Once all nodes would be up-to-date, Kubespray would go through its Apps once again, applying the last metrics server, ingress controller, registry, depending on which ones you’ve enabled – in my case, I disabled most of those from my inventory prior upgrading, to skip those steps.

In about three hours, I was done with my first upgrade (10x 16G nodes cluster, overloaded). I could start over, from the next tag:

$ git checkout v2.14.1
$ git diff v2.14.0..v2.14.1 inventory/sample
$ vi inventory/mycluster/xxx
$ ansible-playbook -i ./inventory/mycluster/hosts.yaml ./upgrade-cluster.yml \
    | tee -a upgrade-$(date +%s)-from-1.18.8-to-1.18.9.log

This one went faster, a little under 2 hours. No error.
And the next ones:

$ git checkout v2.14.2
$ git diff v2.14.1..v2.14.2 inventory/sample
$ vi inventory/mycluster/xxx
$ ansible-playbook -i ./inventory/mycluster/hosts.yaml ./upgrade-cluster.yml \
    | tee -a upgrade-$(date +%s)-from-1.18.9-to-1.18.10.log
$ git checkout v2.15.0
$ git diff v2.14.2..v2.15.0 inventory/sample
$ vi inventory/mycluster/xxx
$ ansible-playbook -i ./inventory/mycluster/hosts.yaml ./upgrade-cluster.yml \
     | tee -a upgrade-$(date +%s)-from-1.18.10-to-1.19.7.log
$ git checkout v2.15.1
$ git diff v2.15.0..v2.15.1 inventory/sample
$ vi inventory/mycluster/xxx
$ ansible-playbook -i ./inventory/mycluster/hosts.yaml ./upgrade-cluster.yml \
     | tee -a upgrade-$(date +%s)-from-1.19.7-to-1.19.9.log

Having reached the last Kubespray release, we may finish with upgrading and rebooting our nodes. One after the other:

$ kubectl cordon node1
$ kubectl drain --delete-emptydir-data --ignore-daemonsets node1
$ ssh root@node1
# apt-get upgrade
# apt-get dist-upgrade
# reboot
$ kubectl uncordon node1

In my case, having disabled most Kubespray applications, I would also make sure the last Ingress Controller, Registry, RBD & CephFS Provisioner are up to date

$ vi roles/downloads/defaults/main.yaml
$ find roles/kubernetes-apps/ingress_controller/ingress_nginx/ -name '*.j2'
$ vi roles/kubernetes-apps/ingress_controller/ingress_nginx/templates/ds-ingress-nginx-controller.yml.j2
$ kubectl edit -n ingress-nginx ds/ingress-nginx
[...]

In the end, upgrading that cluster from 1.18.3 to 1.19.9 took me about 10 hours. Though I suspect I could have went straight to 1.19.9, and Kubespray v2.15.1. Being my first time with those playbooks, I would rather take my time and repeat until I’m confident enough with it.
And while it was not on my mind in the first place, I also took a couple hours to upgrade an other cluster of mine, 11 Raspberry Pi nodes I deployed in January, from 1.19.3 to 1.19.9.

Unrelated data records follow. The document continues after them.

lemma norm_endo_apply_le: "norm (endo_apply f x) \<le> norm f * norm x"
  by transfer (rule norm_blinfun)

lemma norm_endo_le: "0 \<le> b \<Longrightarrow> (\<And>x. norm (endo_apply f x) \<le> b * norm x) \<Longrightarrow> norm f \<le> b"
  by transfer (rule norm_blinfun_bound)

lemma bounded_linear_endo_apply_left: "bounded_linear (\<lambda>f. endo_apply f x)"
  by (rule bounded_linear_intro[where K = "norm x"])
    (simp_all add: norm_endo_apply_le mult.commute[of "norm x"])

lemma exp_conj_has_vector_derivative:
  fixes B X :: "'a::{real_normed_algebra_1, banach}"
  shows "((\<lambda>t. exp (t *\<^sub>R B) * X * exp ((- t) *\<^sub>R B)) has_vector_derivative
          exp (t *\<^sub>R B) * (B * X - X * B) * exp ((- t) *\<^sub>R B)) (at t)"
proof -
  have "((\<lambda>t. exp (t *\<^sub>R (- B))) has_vector_derivative (- B) * exp (t *\<^sub>R (- B))) (at t)"
    by (rule exp_scaleR_has_vector_derivative_left)
  then have "((\<lambda>t. exp (t *\<^sub>R B) * X * exp (t *\<^sub>R (- B))) has_vector_derivative
      exp (t *\<^sub>R B) * X * ((- B) * exp (t *\<^sub>R (- B))) + exp (t *\<^sub>R B) * B * X * exp (t *\<^sub>R (- B))) (at t)"
    by (intro has_vector_derivative_mult has_vector_derivative_mult_left
        exp_scaleR_has_vector_derivative_right)
  then show ?thesis
    by (simp add: algebra_simps)
qed

lemma norm_exp_skew_apply:
  fixes B :: "'a::euclidean_space endo"
  assumes skew: "\<And>x. endo_apply B x \<bullet> x = 0"
  shows "norm (endo_apply (exp (t *\<^sub>R B)) x) = norm x"
proof -
  define u where "u = (\<lambda>s. endo_apply (exp (s *\<^sub>R B)) x)"
  have du: "(u has_vector_derivative endo_apply B (u s)) (at s)" for s
    using bounded_linear.has_vector_derivative[OF bounded_linear_endo_apply_left[of x]
        exp_scaleR_has_vector_derivative_left[of B s]]
    by (simp add: u_def)
  have "((\<lambda>s. u s \<bullet> u s) has_derivative (\<lambda>d. 0)) (at s)" for s
    using has_derivative_inner[OF du[of s, unfolded has_vector_derivative_def]
        du[of s, unfolded has_vector_derivative_def]] skew[of "u s"]
    by (simp add: inner_commute)
  then obtain c where "\<And>s. u s \<bullet> u s = c"
    using has_derivative_zero_constant[of UNIV "\<lambda>s. u s \<bullet> u s"] by auto
  then have "u t \<bullet> u t = u 0 \<bullet> u 0" by simp
  then show ?thesis
    by (simp add: u_def norm_eq_sqrt_inner)
qed

lemma norm_exp_skew_le:
  fixes B :: "'a::euclidean_space endo"
  assumes "\<And>x. endo_apply B x \<bullet> x = 0"
  shows "norm (exp (t *\<^sub>R B)) \<le> 1"
  by (rule norm_endo_le) (simp_all add: norm_exp_skew_apply[OF assms])

lemma bounded_linear_matrix_vector_mult: "bounded_linear (\<lambda>x. (M::'n::finite cmat) *v x)"
  by (simp add: linear_conv_bounded_linear)

lemma norm_matrix_vector_mult_le: "norm (M *v x) \<le> op_norm M * norm x"
  unfolding op_norm_def by (rule onorm[OF bounded_linear_matrix_vector_mult])

lemma op_norm_nonneg: "0 \<le> op_norm M"
  unfolding op_norm_def by (rule onorm_pos_le[OF bounded_linear_matrix_vector_mult])

lemma matrix_vector_mult_scaleR_right: "(M::'n::finite cmat) *v (r *\<^sub>R x) = r *\<^sub>R (M *v x)"
  by (simp add: scaleR_eq_smult vector_scalar_commute)

lemma op_norm_cscale_le: "op_norm (cscale c M) \<le> cmod c * op_norm M"
  unfolding op_norm_def[of "cscale c M"]
proof (rule onorm_bound)
  fix x
  have "norm (cscale c M *v x) = cmod c * norm (M *v x)"
    by (simp add: cscale_matrix_vector_mult norm_vec_def L2_set_right_distrib norm_mult)
  also have "\<dots> \<le> cmod c * (op_norm M * norm x)"
    by (intro mult_left_mono norm_matrix_vector_mult_le) simp
  finally show "norm (cscale c M *v x) \<le> cmod c * op_norm M * norm x"
    by (simp add: mult.assoc)
qed (simp add: op_norm_nonneg)

definition endo_of_mat :: "'n::finite cmat \<Rightarrow> (complex^'n) endo" where
  "endo_of_mat M = Endo (Blinfun (\<lambda>x. M *v x))"

definition mat_of_endo :: "(complex^'n::finite) endo \<Rightarrow> 'n cmat" where
  "mat_of_endo f = (\<chi> i j. endo_apply f (axis j 1) $ i)"

lemma endo_apply_endo_of_mat [simp]: "endo_apply (endo_of_mat M) x = M *v x"
  by (simp add: endo_of_mat_def endo_apply.rep_eq Endo_inverse
      bounded_linear_Blinfun_apply[OF bounded_linear_matrix_vector_mult])

lemma matrix_vector_mult_axis: "(M *v axis j 1) $ i = M $ i $ (j::'n::finite)"
  by (simp add: matrix_vector_mult_def axis_def if_distrib cong: if_cong)

lemma mat_of_endo_of_mat [simp]: "mat_of_endo (endo_of_mat M) = M"
  by (simp add: mat_of_endo_def vec_eq_iff matrix_vector_mult_axis)

lemma norm_endo_of_mat: "norm (endo_of_mat M) = op_norm M"
  by (simp add: norm_endo.rep_eq norm_blinfun.rep_eq op_norm_def endo_of_mat_def Endo_inverse
      bounded_linear_Blinfun_apply[OF bounded_linear_matrix_vector_mult])

lemma endo_of_mat_mult: "endo_of_mat (M ** N) = endo_of_mat M * endo_of_mat N"
  by (rule endo_eqI) (simp add: matrix_vector_mul_assoc)

lemma endo_of_mat_one: "endo_of_mat (mat 1) = 1"
  by (rule endo_eqI) simp

lemma endo_of_mat_add: "endo_of_mat (M + N) = endo_of_mat M + endo_of_mat N"
  by (rule endo_eqI) (simp add: matrix_vector_mult_add_rdistrib)

lemma endo_of_mat_diff: "endo_of_mat (M - N) = endo_of_mat M - endo_of_mat N"
  by (rule endo_eqI) (simp add: matrix_vector_mult_diff_rdistrib)

lemma endo_of_mat_scaleR: "endo_of_mat (r *\<^sub>R M) = r *\<^sub>R endo_of_mat M"
  by (rule endo_eqI) (simp add: vec_eq_iff matrix_vector_mult_def scaleR_sum_right)

lemma endo_of_mat_mpow: "endo_of_mat (mpow M k) = endo_of_mat M ^ k"
  by (induction k) (simp_all add: endo_of_mat_one endo_of_mat_mult)

lemma bounded_linear_endo_of_mat: "bounded_linear endo_of_mat"
  by (simp add: linear_conv_bounded_linear[symmetric] linearI endo_of_mat_add endo_of_mat_scaleR)

lemma norm_vec_le_sum: "norm (x::'a::real_normed_vector^'n::finite) \<le> (\<Sum>i\<in>UNIV. norm (x$i))"
  unfolding norm_vec_def by (rule L2_set_le_sum) simp

lemma bounded_linear_mat_of_endo: "bounded_linear (mat_of_endo :: (complex^'n::finite) endo \<Rightarrow> _)"
proof (rule bounded_linear_intro)
  fix f g :: "(complex^'n) endo" and r :: real
  show "mat_of_endo (f + g) = mat_of_endo f + mat_of_endo g"
    by (simp add: mat_of_endo_def vec_eq_iff)
  show "mat_of_endo (r *\<^sub>R f) = r *\<^sub>R mat_of_endo f"
    by (simp add: mat_of_endo_def vec_eq_iff)
  have entry: "norm (mat_of_endo f $ i $ j) \<le> norm f" for i j
    using Finite_Cartesian_Product.norm_nth_le[of "endo_apply f (axis j 1)" i] norm_endo_apply_le[of f "axis j (1::complex)"]
    by (simp add: mat_of_endo_def norm_axis_1)
  have "norm (mat_of_endo f) \<le> (\<Sum>i\<in>UNIV. \<Sum>j\<in>UNIV. norm (mat_of_endo f $ i $ j))"
    using norm_vec_le_sum[of "mat_of_endo f"] norm_vec_le_sum[of "mat_of_endo f $ _"]
    by (meson order_trans sum_mono)
  also have "\<dots> \<le> (\<Sum>i\<in>(UNIV::'n set). \<Sum>j\<in>(UNIV::'n set). norm f)"
    by (intro sum_mono entry)
  also have "\<dots> = norm f * (real CARD('n) * real CARD('n))"
    by (simp add: algebra_simps)
  finally show "norm (mat_of_endo f) \<le> norm f * (real CARD('n) * real CARD('n))" .
qed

Having played with Kubepsray for about a year, I was pretty confident following their docs and releases wouldn’t be an issue. Still, it’s a relief having gone through those upgrades.
Otherwise working with OpenShift 4, it’s kind of amazing to see a Kubernetes cluster upgrading without all the outages you would see with OpenShift: etcd operator and cluster upgrading, the Kubernetes API, the OpenShift API, the SDN, CSI, the OAuth operator, … nodes drain and reboot.
Kubespray upgrades are way smoother, you decide when to upgrade applications and operators. OpenShift 3 and openshift-ansible simplicity, without its unreliability.